There are different versions. The softcover is ordinary paper. I will try and check my leather one and let you know what it uses.


----------



## JM (Nov 13, 2006)

Thx Scott.


----------



## Lauren Mary (Nov 13, 2006)

*Three more great books*

On Prayer: "How to Pray" by R.A. Torrey

On Holiness: "Holy Living" by Jeremy Taylor
"The Pursuit of Holiness" by Jerry Bridges


----------



## JM (Nov 14, 2006)

Ordered Vallay of Vision in leather.


----------



## jaybird0827 (Dec 27, 2006)

Add this one to your list -

Henry, Matthew -
A Method for Prayer, with Scripture Expressions Directions for Daily Communion with God

Matthew Henry was an independent and was also the son of a Presbyterian minister.
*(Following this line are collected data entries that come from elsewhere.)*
definition ideal_gen :: "nat \<Rightarrow> 'k::field mpoly set \<Rightarrow> 'k mpoly set" where
  "ideal_gen m G = {p. \<exists>F c. finite F \<and> F \<subseteq> G \<and> (\<forall>g\<in>F. c g \<in> Sring m)
                          \<and> p = (\<Sum>g\<in>F. c g * g)}"

text \<open>Exponent vector of Psi(M) for a monomial M with exponent vector alpha:
  T_i fixed, X_i to T_i^(a_i), W = X (m+1) to T^b.\<close>
definition psi_exp :: "nat \<Rightarrow> (nat \<Rightarrow> nat) \<Rightarrow> (nat \<Rightarrow> nat) \<Rightarrow> (var \<Rightarrow>\<^sub>0 nat) \<Rightarrow> (var \<Rightarrow>\<^sub>0 nat)" where
  "psi_exp m a b \<alpha> = (\<Sum>i\<in>{1..m}. Poly_Mapping.single (T i)
       (Poly_Mapping.lookup \<alpha> (T i) + a i * Poly_Mapping.lookup \<alpha> (X i) + b i * Poly_Mapping.lookup \<alpha> (X (m + 1))))"

lift_definition gcd_exp :: "(var \<Rightarrow>\<^sub>0 nat) \<Rightarrow> (var \<Rightarrow>\<^sub>0 nat) \<Rightarrow> (var \<Rightarrow>\<^sub>0 nat)"
  is "\<lambda>f g v. min (f v) (g v)"
proof -
  fix f g :: "var \<Rightarrow> nat"
  assume "finite {x. f x \<noteq> 0}"
  moreover have "{x. min (f x) (g x) \<noteq> 0} \<subseteq> {x. f x \<noteq> 0}" by auto
  ultimately show "finite {x. min (f x) (g x) \<noteq> 0}" by (rule finite_subset[rotated])
qed

text \<open>P(M,N) = (Psi(N)/g) M - (Psi(M)/g) N with g = gcd(Psi(M),Psi(N));
  monomials given by exponent vectors alpha (for M) and beta (for N).\<close>
definition Pbin :: "nat \<Rightarrow> (nat \<Rightarrow> nat) \<Rightarrow> (nat \<Rightarrow> nat) \<Rightarrow> (var \<Rightarrow>\<^sub>0 nat) \<Rightarrow> (var \<Rightarrow>\<^sub>0 nat) \<Rightarrow> 'k::field mpoly" where
  "Pbin m a b \<alpha> \<beta> =
     (let g = gcd_exp (psi_exp m a b \<alpha>) (psi_exp m a b \<beta>)
      in mono (psi_exp m a b \<beta> - g) * mono \<alpha> - mono (psi_exp m a b \<alpha> - g) * mono \<beta>)"

definition Gamma0 :: "nat \<Rightarrow> (nat \<Rightarrow> nat) \<Rightarrow> (nat \<Rightarrow> nat) \<Rightarrow> 'k::field mpoly set" where
  "Gamma0 m a b = {Pbin m a b (varexp (X i)) (varexp (X j)) | i j. 1 \<le> j \<and> j < i \<and> i \<le> m + 1}"

definition H0 :: "nat \<Rightarrow> (nat \<Rightarrow> nat) \<Rightarrow> (nat \<Rightarrow> nat) \<Rightarrow> 'k::field mpoly set" where
  "H0 m a b = ideal_gen m (Gamma0 m a b)"

text \<open>Rank of variables: W > X_m > ... > X_1 > T_1 > ... > T_m.\<close>
fun rank :: "nat \<Rightarrow> var \<Rightarrow> nat" where
  "rank m (X i) = m + i"
| "rank m (T i) = m + 1 - i"

definition lex_less :: "nat \<Rightarrow> (var \<Rightarrow>\<^sub>0 nat) \<Rightarrow> (var \<Rightarrow>\<^sub>0 nat) \<Rightarrow> bool" where
  "lex_less m \<alpha> \<beta> \<longleftrightarrow> (\<exists>v\<in>vars m. Poly_Mapping.lookup \<alpha> v < Poly_Mapping.lookup \<beta> v \<and>
       (\<forall>u\<in>vars m. rank m v < rank m u \<longrightarrow> Poly_Mapping.lookup \<alpha> u = Poly_Mapping.lookup \<beta> u))"

definition lead_exp :: "nat \<Rightarrow> 'k::field mpoly \<Rightarrow> (var \<Rightarrow>\<^sub>0 nat)" where
  "lead_exp m p = (THE \<alpha>. \<alpha> \<in> Poly_Mapping.keys p \<and> (\<forall>\<beta>\<in>Poly_Mapping.keys p. \<beta> \<noteq> \<alpha> \<longrightarrow> lex_less m \<beta> \<alpha>))"

definition initial_ideal :: "nat \<Rightarrow> 'k::field mpoly set \<Rightarrow> 'k mpoly set" where
  "initial_ideal m J = ideal_gen m {mono (lead_exp m p) | p. p \<in> J \<and> p \<noteq> 0}"

definition max_ideal :: "nat \<Rightarrow> 'k::field mpoly set" where
  "max_ideal m = {p \<in> Sring m. Poly_Mapping.lookup p 0 = 0}"

definition regular_seq :: "nat \<Rightarrow> 'k::field mpoly set \<Rightarrow> 'k mpoly list \<Rightarrow> bool" where
  "regular_seq m J fs \<longleftrightarrow>
     set fs \<subseteq> max_ideal m \<and>
     (\<forall>k < length fs. \<forall>g\<in>Sring m.
        fs ! k * g \<in> ideal_gen m (J \<union> set (take k fs)) \<longrightarrow> g \<in> ideal_gen m (J \<union> set (take k fs))) \<and>
     ideal_gen m (J \<union> set fs) \<noteq> Sring m"

definition depth_quot :: "nat \<Rightarrow> 'k::field mpoly set \<Rightarrow> enat" where
  "depth_quot m J = Sup {enat (length fs) | fs. regular_seq m J fs}"

end

theory Submission
  imports Defs "HOL-Library.Confluence"
begin

text \<open>Read the binomials of \<open>\<Gamma>\<^sub>0\<close> as rewrite rules on exponents,
  \<open>T\<^sub>j\<^bsup>a\<^sub>j\<^esup> X\<^sub>i \<rightarrow> T\<^sub>i\<^bsup>a\<^sub>i\<^esup> X\<^sub>j\<close> for \<open>j < i \<le> m\<close> and
  \<open>T\<^sub>j\<^bsup>a\<^sub>j - b\<^sub>j\<^esup> W \<rightarrow> X\<^sub>j \<Prod>\<^sub>l\<^sub>\<noteq>\<^sub>j T\<^sub>l\<^bsup>b\<^sub>l\<^esup>\<close>, each replacing a monomial by a \<open>\<tau>\<close>-smaller one.
  All critical pairs close in one step, so rewriting is confluent, and then \<open>\<Gamma>\<^sub>0\<close> is a Groebner
  basis: a leading exponent that could not be rewritten would carry the whole coefficient sum of
  its rewriting class, which vanishes on the ideal. Hence \<open>in(\<H>\<^sub>0)\<close> is generated by the left-hand
  sides.

  Then \<open>X\<^sub>1, T\<^sub>1 - X\<^sub>2, \<dots>, T\<^sub>m - X\<^sub>m\<^sub>+\<^sub>1\<close> is a regular sequence on \<open>S/in(\<H>\<^sub>0)\<close>. Modulo its
  first \<open>k\<close> elements, substituting \<open>T\<^sub>j\<close> for \<open>X\<^sub>j\<^sub>+\<^sub>1\<close> identifies a polynomial with the
  coefficient sums at the standard exponents, those not divisible by a substituted generator.
  Multiplying by \<open>X\<^sub>1\<close> is injective because no generator involves \<open>X\<^sub>1\<close>; multiplying by
  \<open>T\<^sub>k - X\<^sub>k\<^sub>+\<^sub>1\<close> is injective because in every \<open>(T\<^sub>k, X\<^sub>k\<^sub>+\<^sub>1)\<close>-slice the standard exponents
  through any standard point fill a whole row or a whole column.\<close>

lemma lookup_mono: "Poly_Mapping.lookup (mono \<alpha> :: 'k::field mpoly) \<beta> = (if \<beta> = \<alpha> then 1 else 0)"
  by (simp add: mono_def lookup_single when_def eq_commute)

lemma keys_mono [simp]: "Poly_Mapping.keys (mono \<alpha> :: 'k::field mpoly) = {\<alpha>}"
  by (simp add: mono_def)

lemma mono_mult: "mono \<alpha> * mono \<beta> = (mono (\<alpha> + \<beta>) :: 'k::field mpoly)"
  by (simp add: mono_def mult_single)

lemma lookup_varexp: "Poly_Mapping.lookup (varexp v) u = (if u = v then 1 else 0)"
  by (simp add: varexp_def lookup_single when_def eq_commute)

lemma keys_varexp [simp]: "Poly_Mapping.keys (varexp v) = {v}"
  by (simp add: varexp_def)

lemma varexp_neq_zero [simp]: "varexp v \<noteq> 0"
  using keys_varexp[of v] by force

lemma keys_add_nat:
  "Poly_Mapping.keys ((\<alpha> :: 'a \<Rightarrow>\<^sub>0 nat) + \<beta>) = Poly_Mapping.keys \<alpha> \<union> Poly_Mapping.keys \<beta>"
  by (auto simp: in_keys_iff lookup_add)

lemma poly_mapping_sum_single:
  "p = (\<Sum>\<rho>\<in>Poly_Mapping.keys p. Poly_Mapping.single \<rho> (Poly_Mapping.lookup p \<rho>))"
  by (rule poly_mapping_eqI) (simp add: lookup_sum lookup_single when_def in_keys_iff)

lemma single_sum: "Poly_Mapping.single c (sum f A) = (\<Sum>x\<in>A. Poly_Mapping.single c (f x))"
  by (induction A rule: infinite_finite_induct) (auto simp: single_add)

definition exp_dvd :: "('a \<Rightarrow>\<^sub>0 nat) \<Rightarrow> ('a \<Rightarrow>\<^sub>0 nat) \<Rightarrow> bool" where
  "exp_dvd u \<alpha> \<longleftrightarrow> (\<forall>x. Poly_Mapping.lookup u x \<le> Poly_Mapping.lookup \<alpha> x)"

lemma exp_dvdI: "(\<And>x. Poly_Mapping.lookup u x \<le> Poly_Mapping.lookup \<alpha> x) \<Longrightarrow> exp_dvd u \<alpha>"
  by (simp add: exp_dvd_def)

lemma exp_dvdD: "exp_dvd u \<alpha> \<Longrightarrow> Poly_Mapping.lookup u x \<le> Poly_Mapping.lookup \<alpha> x"
  by (simp add: exp_dvd_def)

lemma exp_dvd_add: "exp_dvd u (\<nu> + u)"
  by (simp add: exp_dvd_def lookup_add)

lemma exp_dvd_diff_add: "exp_dvd u \<alpha> \<Longrightarrow> \<alpha> - u + u = \<alpha>"
  by (rule poly_mapping_eqI) (simp add: exp_dvd_def lookup_add lookup_minus)

lemma SringI: "(\<And>\<alpha>. \<alpha> \<in> Poly_Mapping.keys p \<Longrightarrow> Poly_Mapping.keys \<alpha> \<subseteq> vars m) \<Longrightarrow> p \<in> Sring m"
  by (auto simp: Sring_def)

lemma SringD: "p \<in> Sring m \<Longrightarrow> \<alpha> \<in> Poly_Mapping.keys p \<Longrightarrow> Poly_Mapping.keys \<alpha> \<subseteq> vars m"
  by (auto simp: Sring_def)

lemma Sring_mult: "p \<in> Sring m \<Longrightarrow> q \<in> Sring m \<Longrightarrow> p * q \<in> Sring m"
proof (rule SringI)
  fix \<gamma> assume p: "p \<in> Sring m" and q: "q \<in> Sring m" and "\<gamma> \<in> Poly_Mapping.keys (p * q)"
  then obtain \<alpha> \<beta> where "\<gamma> = \<alpha> + \<beta>" "\<alpha> \<in> Poly_Mapping.keys p" "\<beta> \<in> Poly_Mapping.keys q"
    using keys_mult by blast
  then show "Poly_Mapping.keys \<gamma> \<subseteq> vars m"
    using SringD[OF p] SringD[OF q] by (auto simp: keys_add_nat)
qed

lemma Sring_add: "p \<in> Sring m \<Longrightarrow> q \<in> Sring m \<Longrightarrow> p + q \<in> Sring m"
  by (rule SringI) (auto dest!: set_mp[OF keys_add] dest: SringD)

lemma Sring_uminus: "p \<in> Sring m \<Longrightarrow> - p \<in> Sring m"
  by (auto simp: Sring_def keys_minus)

lemma Sring_diff: "p \<in> Sring m \<Longrightarrow> q \<in> Sring m \<Longrightarrow> p - q \<in> Sring m"
  by (metis Sring_add Sring_uminus diff_conv_add_uminus)

lemma Sring_zero [simp]: "0 \<in> Sring m"
  by (simp add: Sring_def)

lemma Sring_single: "Poly_Mapping.keys \<alpha> \<subseteq> vars m \<Longrightarrow> Poly_Mapping.single \<alpha> r \<in> Sring m"
  by (auto simp: Sring_def)

lemma Sring_mono: "Poly_Mapping.keys \<alpha> \<subseteq> vars m \<Longrightarrow> mono \<alpha> \<in> Sring m"
  by (simp add: mono_def Sring_single)

lemma Sring_const: "Poly_Mapping.single 0 r \<in> Sring m"
  by (simp add: Sring_single)

lemma Sring_one [simp]: "1 \<in> Sring m"
  by (simp add: Sring_def)

lemma Sring_sum: "(\<And>i. i \<in> I \<Longrightarrow> f i \<in> Sring m) \<Longrightarrow> sum f I \<in> Sring m"
  by (induction I rule: infinite_finite_induct) (auto intro: Sring_add)

lemma ideal_genE:
  assumes "x \<in> ideal_gen m G"
  obtains F c where "finite F" "F \<subseteq> G" "\<And>g. g \<in> F \<Longrightarrow> c g \<in> Sring m" "x = (\<Sum>g\<in>F. c g * g)"
  using assms unfolding ideal_gen_def by blast

lemma ideal_genI:
  "finite F \<Longrightarrow> F \<subseteq> G \<Longrightarrow> (\<And>g. g \<in> F \<Longrightarrow> c g \<in> Sring m) \<Longrightarrow> (\<Sum>g\<in>F. c g * g) \<in> ideal_gen m G"
  unfolding ideal_gen_def by blast

lemma ideal_gen_zero [simp]: "0 \<in> ideal_gen m G"
  using ideal_genI[of "{}" G] by simp

lemma ideal_gen_gen: "g \<in> G \<Longrightarrow> g \<in> ideal_gen m G"
  using ideal_genI[of "{g}" G "\<lambda>_. 1"] by simp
I find this material very consistent with Biblical and confessional standards.


----------



## VirginiaHuguenot (Mar 5, 2007)

jaybird0827 said:


> Add this one to your list -
> 
> Henry, Matthew -
> A Method for Prayer, with Scripture Expressions Directions for Daily Communion with God



Available online here.


----------



## etexas (Mar 5, 2007)

There are many examples of Godly prayer in the 1662 BCP and the 1928 BCP. No , not kidding I gave a BCP to an OPC friend and he has taken some of the prayers and "doctored them up" for both family and private devotions. Keeps what he has done in a notebook. He loves 'em.


----------